The most recent tensions were with Japan over oil and gas reserves in the East China Sea.

Warning that the United States would not sit idly by, Schriver said "it's not inconceivable we could choose a more robust response if our ally were faced with more aggressive actions from China."

Although Beijing's huge appetite for offshore exploration resulted recently in an agreement with Vietnam and the Philippines for joint exploration in areas previously under dispute, "it may tempt China to push its claims on other disputed territories," he said.

Understandably, Schriver said, this made some in Japan feel uneasy after several recent incursions by Chinese vessels into Japanese territorial waters.

"The risk for the United States over time is energy becoming a destablising force in Asian politics (and) we are facing in Asia a very delicate 20-year period," said Mikkal Herberg, director of the Asian energy security program at the Seattle-based National Bureau of Asian Research.

He said "shoving matches" between Japan and China over the East Siberian oil pipeline and East China gas fields "are likely to worsen over time."

They were aggravated by what he called Russia's erratic policy on supplying energy to Asia as "Kremlin infighting influences policy more than rational commercial decisions.

"I think for Asia, energy is spilling over into their geo-political rivalries, which are spilling over into preventing regional energy (demand and supply) solutions," Herberg said.

Aside from China, Vietnam and the Philippines, the potentially oil rich Spratlys island chain in the South China Sea area is being claimed by Brunei, Malaysia and Taiwan.
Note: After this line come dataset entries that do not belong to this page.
lemma card_clique_le:
  assumes S: "S \<in> cliques V adj"
  shows "card S \<le> \<alpha> + k - 1"
proof -
  let ?Ev = "{w\<in>S. even (fst w)}" and ?Od = "{w\<in>S. odd (fst w)}"
  have "finite S" using S finite_V by (auto simp: cliques_def intro: finite_subset)
  then have "card (?Ev \<union> ?Od) = card ?Ev + card ?Od" by (intro card_Un_disjoint) auto
  moreover have "?Ev \<union> ?Od = S" by auto
  ultimately have card_S: "card S = card ?Ev + card ?Od" by simp
  show ?thesis
  proof (cases "?Ev = {}")
    case True
    then have "card ?Ev = 0" by (simp only: card.empty)
    moreover have "card ?Od \<le> k div 2" using card_clique_odd_blocks[OF S, of 0] by simp
    ultimately show ?thesis using card_S k_ge_4 div_le_dividend[of k 2] by linarith
  next
    case False
    then obtain u where u: "u \<in> S" "even (fst u)" by auto
    have "fst u < k" using u S by (auto simp: cliques_def V_def)
    then have e: "fst u \<le> k - 2" using u(2) even_k by (auto elim!: evenE)
    have "?Ev \<subseteq> {fst u} \<times> {..<\<alpha> + fst u}"
      using clique_same_even_block[OF S u(1) _ u(2)] S by (fastforce simp: cliques_def V_def)
    then have "card ?Ev \<le> \<alpha> + fst u"
      using card_mono[of "{fst u} \<times> {..<\<alpha> + fst u}" ?Ev] by (simp add: card_cartesian_product)
    moreover have "card ?Od \<le> k div 2 - fst u div 2"
    proof (rule card_clique_odd_blocks[OF S])
      fix w assume "w \<in> S" "odd (fst w)"
      then show "fst u \<le> fst w" using clique_even_block_below_odd[OF S u(1) _ u(2)] by fastforce
    qed
    moreover have "k div 2 - fst u div 2 + fst u + 1 \<le> k"
      using e u(2) even_k k_ge_4 even_two_times_div_two[of "fst u"] even_two_times_div_two[of k]
      by linarith
    ultimately show ?thesis using card_S by linarith
  qed
qed

lemma clique_number_V: "clique_number V adj = \<alpha> + k - 1"
proof (rule clique_number_eqI[OF finite_V _ _ card_clique_le])
  show "{k - 2} \<times> {..<\<alpha> + (k - 2)} \<union> {(k - 1, 0)} \<in> cliques V adj"
    using k_ge_4 even_k alpha_pos unfolding cliques_def adj_def V_def by (auto simp: max_def)
  show "card ({k - 2} \<times> {..<\<alpha> + (k - 2)} \<union> {(k - 1, 0)}) = \<alpha> + k - 1"
    using k_ge_4 by (simp add: card_cartesian_product)
qed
All claimants, except Brunei, station troops on parts of the archipelago.

China and the 10-member Association of Southeast Asian Nations adopted a non-binding declaration two years ago that forbids construction of new buildings on uninhabited islands in the Spratlys to prevent territorial disputes from escalating.

Herberg felt that much of the Chinese leadership saw the United States "as an obstacle" to its efforts to ensure energy security because it "has the ability to frustrate their efforts to secure their sea lanes and activities in places like Sudan, Iran."Assistant Secretary of State Anthony Wayne told the hearing that a more troubling aspect of the recent surge in overseas energy deals by China as well as India was their investments in Sudan and Iran, which he referred to as "countries that are pursuing policies harmful to global stability."

To maintain their rapid economic growth, China and India were reorienting their foreign and domestic policies and investing heavily in securing energy supplies from abroad, officials said.

China, which replaced Japan in 2003 as the world's second largest petroleum consumer after the United States, reportedly needs to boost its energy consumption by about 150 per cent over the next 15 years.

Chinese national oil companies have also stepped up overseas equity investments in oil and gas ventures in an apparent bid to reduce dependence on oil from major companies from the United States and other developed countries and limit exposure to price volatility.

This strategy of intensified acquisition of equity oil has met with considerable skepticism by some analysts, who feel the investments are unlikely to shelter China from volatility, Wayne said Herberg likened the China policy to "hoarding" oil and "destabilizing" markets, predicting that it could "feed into naval strategies, (and) sealane issues" in the Indian Ocean and South China Sea.